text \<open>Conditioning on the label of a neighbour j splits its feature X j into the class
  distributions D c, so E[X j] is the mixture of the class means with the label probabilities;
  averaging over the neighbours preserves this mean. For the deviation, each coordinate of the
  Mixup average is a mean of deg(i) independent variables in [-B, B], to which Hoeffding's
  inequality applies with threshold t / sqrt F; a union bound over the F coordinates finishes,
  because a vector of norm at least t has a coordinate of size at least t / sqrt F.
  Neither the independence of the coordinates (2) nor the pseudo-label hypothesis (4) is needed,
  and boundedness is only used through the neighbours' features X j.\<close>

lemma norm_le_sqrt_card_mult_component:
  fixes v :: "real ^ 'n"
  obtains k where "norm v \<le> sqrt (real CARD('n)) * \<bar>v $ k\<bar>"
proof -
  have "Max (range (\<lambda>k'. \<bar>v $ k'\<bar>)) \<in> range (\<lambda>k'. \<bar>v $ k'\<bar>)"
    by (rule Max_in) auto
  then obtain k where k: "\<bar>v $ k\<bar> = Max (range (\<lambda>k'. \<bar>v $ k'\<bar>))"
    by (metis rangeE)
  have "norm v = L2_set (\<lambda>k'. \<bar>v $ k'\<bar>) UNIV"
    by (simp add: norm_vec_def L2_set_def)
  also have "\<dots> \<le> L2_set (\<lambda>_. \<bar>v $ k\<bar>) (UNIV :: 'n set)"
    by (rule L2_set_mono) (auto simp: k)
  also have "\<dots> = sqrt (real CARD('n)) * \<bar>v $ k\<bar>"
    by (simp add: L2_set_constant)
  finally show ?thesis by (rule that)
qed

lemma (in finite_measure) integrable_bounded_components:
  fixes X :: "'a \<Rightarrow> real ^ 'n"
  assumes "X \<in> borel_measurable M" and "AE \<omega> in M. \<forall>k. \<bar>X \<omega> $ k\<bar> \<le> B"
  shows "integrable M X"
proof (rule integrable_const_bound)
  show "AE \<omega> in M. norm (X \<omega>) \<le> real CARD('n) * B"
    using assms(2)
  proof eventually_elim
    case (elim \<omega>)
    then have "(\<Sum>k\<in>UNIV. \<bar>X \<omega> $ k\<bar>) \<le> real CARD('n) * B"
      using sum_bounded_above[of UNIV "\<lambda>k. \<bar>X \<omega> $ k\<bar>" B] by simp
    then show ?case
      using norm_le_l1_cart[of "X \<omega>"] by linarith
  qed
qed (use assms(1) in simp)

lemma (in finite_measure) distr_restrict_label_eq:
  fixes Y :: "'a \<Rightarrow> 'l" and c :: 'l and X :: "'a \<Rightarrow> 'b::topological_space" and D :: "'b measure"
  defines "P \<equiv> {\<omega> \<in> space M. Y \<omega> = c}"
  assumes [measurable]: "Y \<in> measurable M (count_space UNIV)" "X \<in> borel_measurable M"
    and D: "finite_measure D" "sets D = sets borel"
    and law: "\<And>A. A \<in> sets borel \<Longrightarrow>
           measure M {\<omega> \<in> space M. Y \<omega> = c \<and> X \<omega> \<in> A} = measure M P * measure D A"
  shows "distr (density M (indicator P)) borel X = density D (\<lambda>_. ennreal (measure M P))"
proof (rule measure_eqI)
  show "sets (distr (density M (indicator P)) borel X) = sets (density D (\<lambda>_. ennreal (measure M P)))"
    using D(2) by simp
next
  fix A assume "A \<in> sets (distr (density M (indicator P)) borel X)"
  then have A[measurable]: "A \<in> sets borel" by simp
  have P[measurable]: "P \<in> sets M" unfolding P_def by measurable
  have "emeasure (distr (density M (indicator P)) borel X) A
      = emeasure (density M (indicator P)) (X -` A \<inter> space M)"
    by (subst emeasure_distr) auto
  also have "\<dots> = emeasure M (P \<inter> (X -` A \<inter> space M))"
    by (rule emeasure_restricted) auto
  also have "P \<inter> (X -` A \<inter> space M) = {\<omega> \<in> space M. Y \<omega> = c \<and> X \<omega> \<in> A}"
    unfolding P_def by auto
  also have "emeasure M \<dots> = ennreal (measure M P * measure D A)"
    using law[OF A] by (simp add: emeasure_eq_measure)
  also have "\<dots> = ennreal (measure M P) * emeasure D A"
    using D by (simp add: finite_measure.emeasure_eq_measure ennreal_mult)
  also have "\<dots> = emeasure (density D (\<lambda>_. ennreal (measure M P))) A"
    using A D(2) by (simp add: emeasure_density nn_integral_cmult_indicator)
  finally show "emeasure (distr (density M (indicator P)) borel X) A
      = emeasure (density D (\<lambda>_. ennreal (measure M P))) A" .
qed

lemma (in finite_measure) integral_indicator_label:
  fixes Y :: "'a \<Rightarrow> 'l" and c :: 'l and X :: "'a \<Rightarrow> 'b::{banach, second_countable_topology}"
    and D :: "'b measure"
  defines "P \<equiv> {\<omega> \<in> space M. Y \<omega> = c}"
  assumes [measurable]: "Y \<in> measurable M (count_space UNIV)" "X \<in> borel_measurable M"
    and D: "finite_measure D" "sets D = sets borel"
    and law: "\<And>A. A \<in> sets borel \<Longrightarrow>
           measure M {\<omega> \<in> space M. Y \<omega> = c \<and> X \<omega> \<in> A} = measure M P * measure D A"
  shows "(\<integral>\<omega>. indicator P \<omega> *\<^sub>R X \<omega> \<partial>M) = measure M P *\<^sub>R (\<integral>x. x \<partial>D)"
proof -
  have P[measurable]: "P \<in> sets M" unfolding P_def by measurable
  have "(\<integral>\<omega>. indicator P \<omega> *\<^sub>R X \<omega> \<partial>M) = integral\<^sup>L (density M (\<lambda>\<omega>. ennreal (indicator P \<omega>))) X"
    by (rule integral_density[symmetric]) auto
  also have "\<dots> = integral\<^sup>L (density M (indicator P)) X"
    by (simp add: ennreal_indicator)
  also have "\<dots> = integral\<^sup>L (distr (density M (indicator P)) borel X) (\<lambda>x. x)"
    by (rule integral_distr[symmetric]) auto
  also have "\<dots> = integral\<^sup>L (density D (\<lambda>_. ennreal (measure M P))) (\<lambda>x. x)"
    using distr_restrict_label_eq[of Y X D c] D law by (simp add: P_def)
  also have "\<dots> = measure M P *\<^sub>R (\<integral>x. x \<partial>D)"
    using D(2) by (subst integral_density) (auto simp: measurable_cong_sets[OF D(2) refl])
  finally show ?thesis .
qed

## TASK REQUIREMENTS
Sift the material for lines that include the word "shows", and copy each one.

## OUTPUT OF THE TASK
  shows "integrable M X"
  shows "distr (density M (indicator P)) borel X = density D (\<lambda>_. ennreal (measure M P))"
  shows "(\<integral>\<omega>. indicator P \<omega> *\<^sub>R X \<omega> \<partial>M) = measure M P *\<^sub>R (\<integral>x. x \<partial>D)"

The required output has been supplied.